By importing the latest marble processing equipment from Italy, Gulf Mining is able to offer its customers world class products. The company supplements its domestic offerings with material imported from all over the world, so that customers may have the widest range of choices. The BID Committee was impressed by the fact that marble products from Gulf Mining are shipped everywhere, from Persian Gulf Coast countries to China, Southeast Asia, India, the U.S. and Europe. The company points out that this is because of strict quality control guidelines in selection, extracting and processing. Cutting, polishing and packing operations are also subject to stringent protocols to ensure customer satisfaction. Marble from Gulf Mining has been installed in both interior and exterior spaces in residential and commercial buildings, shopping malls, and hotels.
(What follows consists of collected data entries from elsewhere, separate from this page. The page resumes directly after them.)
(* Let $0<b\le 0.01$ and let $(x_3,x,x,y_3,y,y)$ with $x_3,y_3,x,y>0$ be a point of the curve of equilibria $\mathcal C$. Let $$M=\begin{pmatrix}-x_3(1-y_3)-y_3(1-x_3)-4xy & -4y & -4x\\ x(y_3+y)/2 & -bx_3/x & x\\ y(x_3+x)/2 & y & -by_3/y\end{pmatrix}=(m_{ij}),$$ and $b_2=(m_{11}m_{22}-m_{12}m_{21})+(m_{22}m_{33}-m_{23}m_{32})+(m_{11}m_{33}-m_{13}m_{31})$. Then $\det(M)>b_2\,\mathrm{trace}(M)$.
   Context: Haploid unlinked subfunctionalization model with mutation rate $b$, $\alpha=1-3b$, $w=x_3+y_3-x_3y_3+x_1y_2+x_2y_1$, vector field $F$: $F_{x_3}=x_3(\alpha-w)$; $F_{x_2}=-x_2w+x_2(y_3+y_1)+bx_3-2bx_2$; $F_{x_1}=-x_1w+x_1(y_3+y_2)+bx_3-2bx_1$; $F_{y_3}=y_3(\alpha-w)$; $F_{y_2}=-y_2w+y_2(x_3+x_1)+by_3-2by_2$; $F_{y_1}=-y_1w+y_1(x_3+x_2)+by_3-2by_1$. The curve of equilibria $\mathcal C$ is the one-parameter family of fixed points of $dz/dt=F(z)$ with $x_1=x_2=x$, $y_1=y_2=y$, parametrized by $x_3$ via $y_3=\frac{-d_1+\sqrt{d_1^2-4d_0d_2}}{2d_2}$ with $d_2=-(1-x_3)^2$, $d_1=2(1-x_3)^2-4b(1-x_3)+2b^2(1+x_3)$, $d_0=-(1-x_3)^2+4b(1-x_3)-b^2(5-2x_3)+b^3$, and $x=\frac{\Gamma-2bx_3}{2(y_3-\beta)}$, $y=\frac{\Gamma-2by_3}{2(x_3-\beta)}$, $\beta=1-b$, $\Gamma=x_3+y_3-x_3y_3-\alpha$. *)

theory Defs
  imports "HOL-Analysis.Analysis"
begin

text \<open>Haploid unlinked subfunctionalization model, mutation rate b.
  State z = (x3, x2, x1, y3, y2, y1).\<close>

definition alpha :: "real \<Rightarrow> real" where
  "alpha b = 1 - 3 * b"

definition wfit :: "real \<Rightarrow> real \<Rightarrow> real \<Rightarrow> real \<Rightarrow> real \<Rightarrow> real \<Rightarrow> real" where
  "wfit x3 x2 x1 y3 y2 y1 = x3 + y3 - x3 * y3 + x1 * y2 + x2 * y1"

definition Fvec :: "real \<Rightarrow> real \<Rightarrow> real \<Rightarrow> real \<Rightarrow> real \<Rightarrow> real \<Rightarrow> real \<Rightarrow> real list" where
  "Fvec b x3 x2 x1 y3 y2 y1 =
    (let w = wfit x3 x2 x1 y3 y2 y1 in
     [ x3 * (alpha b - w),
       - x2 * w + x2 * (y3 + y1) + b * x3 - 2 * b * x2,
       - x1 * w + x1 * (y3 + y2) + b * x3 - 2 * b * x1,
       y3 * (alpha b - w),
       - y2 * w + y2 * (x3 + x1) + b * y3 - 2 * b * y2,
       - y1 * w + y1 * (x3 + x2) + b * y3 - 2 * b * y1 ])"

definition is_fixed_point :: "real \<Rightarrow> real \<Rightarrow> real \<Rightarrow> real \<Rightarrow> real \<Rightarrow> real \<Rightarrow> real \<Rightarrow> bool" where
  "is_fixed_point b x3 x2 x1 y3 y2 y1 \<longleftrightarrow> (\<forall>c \<in> set (Fvec b x3 x2 x1 y3 y2 y1). c = 0)"

text \<open>Parametrization of the curve of equilibria by x3.\<close>
definition cd2 :: "real \<Rightarrow> real \<Rightarrow> real" where
  "cd2 b x3 = - ((1 - x3) ^ 2)"
definition cd1 :: "real \<Rightarrow> real \<Rightarrow> real" where
  "cd1 b x3 = 2 * (1 - x3) ^ 2 - 4 * b * (1 - x3) + 2 * b ^ 2 * (1 + x3)"
definition cd0 :: "real \<Rightarrow> real \<Rightarrow> real" where
  "cd0 b x3 = - ((1 - x3) ^ 2) + 4 * b * (1 - x3) - b ^ 2 * (5 - 2 * x3) + b ^ 3"

definition disc :: "real \<Rightarrow> real \<Rightarrow> real" where
  "disc b x3 = (cd1 b x3) ^ 2 - 4 * cd0 b x3 * cd2 b x3"

definition y3_of :: "real \<Rightarrow> real \<Rightarrow> real" where
  "y3_of b x3 = (- cd1 b x3 + sqrt (disc b x3)) / (2 * cd2 b x3)"

definition Gamma :: "real \<Rightarrow> real \<Rightarrow> real \<Rightarrow> real" where
  "Gamma b x3 y3 = x3 + y3 - x3 * y3 - alpha b"

definition x_of :: "real \<Rightarrow> real \<Rightarrow> real" where
  "x_of b x3 = (let y3 = y3_of b x3 in (Gamma b x3 y3 - 2 * b * x3) / (2 * (y3 - (1 - b))))"

definition y_of :: "real \<Rightarrow> real \<Rightarrow> real" where
  "y_of b x3 = (let y3 = y3_of b x3 in (Gamma b x3 y3 - 2 * b * y3) / (2 * (x3 - (1 - b))))"

definition on_curve_C :: "real \<Rightarrow> real \<Rightarrow> real \<Rightarrow> real \<Rightarrow> real \<Rightarrow> bool" where
  "on_curve_C b x3 x y3 y \<longleftrightarrow>
     is_fixed_point b x3 x x y3 y y \<and>
     disc b x3 \<ge> 0 \<and> cd2 b x3 \<noteq> 0 \<and>
     y3 \<noteq> 1 - b \<and> x3 \<noteq> 1 - b \<and>
     y3 = y3_of b x3 \<and> x = x_of b x3 \<and> y = y_of b x3"

definition Mmat :: "real \<Rightarrow> real \<Rightarrow> real \<Rightarrow> real \<Rightarrow> real \<Rightarrow> real^3^3" where
  "Mmat b x3 x y3 y = vector [
     vector [- x3 * (1 - y3) - y3 * (1 - x3) - 4 * x * y, - 4 * y, - 4 * x],
     vector [x * (y3 + y) / 2, - b * x3 / x, x],
     vector [y * (x3 + x) / 2, y, - b * y3 / y]]"

definition b2_coef :: "real^3^3 \<Rightarrow> real" where
  "b2_coef M = (M$1$1 * M$2$2 - M$1$2 * M$2$1) + (M$2$2 * M$3$3 - M$2$3 * M$3$2)
              + (M$1$1 * M$3$3 - M$1$3 * M$3$1)"

end

theory Submission
  imports Defs
begin

text \<open>Write P, A = b x3/x and B = b y3/y for minus the diagonal entries of M, and u, v for its
  first-column entries m21, m31. For matrices of this shape
  det M - b2 trace M = (A+B)((P+A)(P+B) - xy) + 4yu(P+A-x) + 4xv(P+B-y),
  so it suffices that the margins P+A-x and P+B-y are positive. On the curve the equilibrium
  equations give A = 1-b-y3-y and B = 1-b-x3-x, which turn the margin P+A-x into B+2A+y-4b;
  this is positive for b \<le> 0.01 because either y, y3 or, failing that, x3 is large compared
  with b.\<close>

lemma det_minus_b2_coef_trace:
  fixes P A B x y u v :: real
  defines "M \<equiv> vector [vector [- P, - 4 * y, - 4 * x], vector [u, - A, x], vector [v, y, - B]]
                 :: real^3^3"
  shows "det M - b2_coef M * trace M
     = (A + B) * ((P + A) * (P + B) - x * y) + 4 * y * u * (P + A - x) + 4 * x * v * (P + B - y)"
  unfolding M_def b2_coef_def trace_def det_3 sum_3 by (simp add: algebra_simps)

lemma det_gt_b2_coef_trace:
  fixes P A B x y u v :: real
  defines "M \<equiv> vector [vector [- P, - 4 * y, - 4 * x], vector [u, - A, x], vector [v, y, - B]]
                 :: real^3^3"
  assumes "A > 0" "B > 0" "x > 0" "y > 0" "u > 0" "v > 0"
    and "P + A - x > 0" "P + B - y > 0"
  shows "det M > b2_coef M * trace M"
proof -
  have "(P + A) * (P + B) > x * y"
    using assms by (intro mult_strict_mono) auto
  then have "(A + B) * ((P + A) * (P + B) - x * y) > 0"
    using assms by simp
  moreover have "4 * y * u * (P + A - x) > 0" "4 * x * v * (P + B - y) > 0"
    using assms by simp_all
  ultimately show ?thesis
    using det_minus_b2_coef_trace[of P y x u A v B] unfolding M_def by linarith
qed

lemma equilibrium_equations:
  fixes b x3 x y3 y :: real
  assumes "x3 > 0" and "is_fixed_point b x3 x x y3 y y"
  shows "x3 + y3 - x3 * y3 + 2 * x * y = 1 - 3 * b"
    and "x * (1 - b - y3 - y) = b * x3"
    and "y * (1 - b - x3 - x) = b * y3"
proof -
  define w where "w = x3 + y3 - x3 * y3 + x * y + x * y"
  have F3: "x3 * (1 - 3 * b - w) = 0"
    and Fx: "- x * w + x * (y3 + y) + b * x3 - 2 * b * x = 0"
    and Fy: "- y * w + y * (x3 + x) + b * y3 - 2 * b * y = 0"
    using assms(2) unfolding is_fixed_point_def Fvec_def Let_def wfit_def alpha_def w_def
    by (auto simp: algebra_simps)
  have w: "w = 1 - 3 * b"
    using F3 assms(1) by simp
  then show "x3 + y3 - x3 * y3 + 2 * x * y = 1 - 3 * b"
    unfolding w_def by simp
  show "x * (1 - b - y3 - y) = b * x3" "y * (1 - b - x3 - x) = b * y3"
    using Fx Fy unfolding w by (simp_all add: algebra_simps)
qed

lemma equilibrium_margin_pos:
  fixes b x3 x y3 y :: real
  assumes "0 < b" "b \<le> 0.01" "x3 > 0" "y3 > 0" "x > 0" "y > 0"
    and fit: "x3 + y3 - x3 * y3 + 2 * x * y = 1 - 3 * b"
    and eqx: "x * (1 - b - y3 - y) = b * x3"
    and eqy: "y * (1 - b - x3 - x) = b * y3"
  shows "(1 - b - x3 - x) + 2 * (1 - b - y3 - y) + y - 4 * b > 0"
proof -
  define A where "A = 1 - b - y3 - y"
  define B where "B = 1 - b - x3 - x"
  have A: "A = b * x3 / x" and B: "B = b * y3 / y"
    using eqx eqy assms(5,6) unfolding A_def B_def by (simp_all add: field_simps)
  have "A > 0" "B > 0"
    unfolding A B using assms by simp_all
  consider "y \<ge> 4 * b" | "y < 4 * b" "y3 \<ge> 16 * b" | "y < 4 * b" "y3 < 16 * b"
    by linarith
  then have "B + 2 * A + y - 4 * b > 0"
  proof cases
    case 1
    then show ?thesis using \<open>A > 0\<close> \<open>B > 0\<close> by linarith
  next
    case 2
    have "b * y3 > b * (4 * y)"
      using 2 assms(1) by (simp add: mult_strict_left_mono)
    then have "B > 4 * b"
      unfolding B using assms(6) by (simp add: field_simps)
    then show ?thesis using \<open>A > 0\<close> assms(6) by linarith
  next
    case 3
    have "x3 < 1" "x < 1"
      using \<open>B > 0\<close> assms unfolding B_def by linarith+
    have "x * y \<le> 1 * (4 * b)"
      using 3 \<open>x < 1\<close> assms(5,6) by (intro mult_mono) auto
    then have "(1 - x3) * (1 - y3) \<le> 11 * b"
      using fit by (simp add: algebra_simps)
    moreover have "(1 - x3) * (84 / 100) \<le> (1 - x3) * (1 - y3)"
      using 3 assms(2) \<open>x3 < 1\<close> by (intro mult_left_mono) auto
    ultimately have "1 - x3 < 131 / 10 * b"
      using assms(1) by argo
    moreover have "b \<le> 1 / 100"
      using assms(2) by simp
    ultimately have "4 * x < x3"
      using \<open>B > 0\<close> unfolding B_def by linarith
    then have "A > 4 * b"
      unfolding A using assms(1,5) by (simp add: field_simps)
    then show ?thesis using \<open>B > 0\<close> assms(1,6) by linarith
  qed
  then show ?thesis unfolding A_def B_def .
qed

theorem lemma3:
  fixes b x3 x y3 y :: real
  assumes "0 < b" and "b \<le> 0.01"
    and "x3 > 0" and "y3 > 0" and "x > 0" and "y > 0"
    and "on_curve_C b x3 x y3 y"
  shows "det (Mmat b x3 x y3 y) > b2_coef (Mmat b x3 x y3 y) * trace (Mmat b x3 x y3 y)"
proof -
  have fp: "is_fixed_point b x3 x x y3 y y"
    using assms(7) unfolding on_curve_C_def by blast
  note eqs = equilibrium_equations[OF assms(3) fp]
  define P where "P = x3 * (1 - y3) + y3 * (1 - x3) + 4 * x * y"
  have A: "b * x3 / x = 1 - b - y3 - y" and B: "b * y3 / y = 1 - b - x3 - x"
    using eqs(2,3) assms(5,6) by (simp_all add: field_simps)
  have M: "Mmat b x3 x y3 y = vector [vector [- P, - 4 * y, - 4 * x],
      vector [x * (y3 + y) / 2, - (b * x3 / x), x], vector [y * (x3 + x) / 2, y, - (b * y3 / y)]]"
    unfolding Mmat_def P_def by (simp add: algebra_simps)
  have "P + b * x3 / x - x > 0"
    using equilibrium_margin_pos[OF assms(1-6) eqs] eqs(1) unfolding A P_def
    by (simp add: algebra_simps)
  moreover have "P + b * y3 / y - y > 0"
  proof -
    have "y3 + x3 - y3 * x3 + 2 * y * x = 1 - 3 * b"
      using eqs(1) by (simp add: algebra_simps)
    from equilibrium_margin_pos[OF assms(1,2,4,3,6,5) this eqs(3,2)] show ?thesis
      using eqs(1) unfolding B P_def by (simp add: algebra_simps)
  qed
  ultimately show ?thesis
    unfolding M using assms(1,3-6) by (intro det_gt_b2_coef_trace) simp_all
qed

end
Had the company been around five hundred years ago, it wouldn’t be surprising to see Omani marble from Gulf Mining adorning the cathedrals, palaces and museums of the great European capitals. Maybe even the works of the Renaissance masters like Michelangelo and Donatello.
Michaelangelo’s David, a Masterpiece in Marble
“When all was finished, it cannot be denied that this work has carried off the palm from all other statues, modern or ancient, Greek or Latin; no other artwork is equal to it in any respect, with such just proportion, beauty and excellence did Michelagnolo finish it.”
It was 1504 when one of the great masterpieces of Renaissance art was unveiled in Florence amid a huge amount of fanfare. The statue had already travelled around the city for four days, creating a circus atmosphere for Michaelangelo’s David, his magnum opus. The improbable history of how the David came into being is almost as fascinating as the work itself.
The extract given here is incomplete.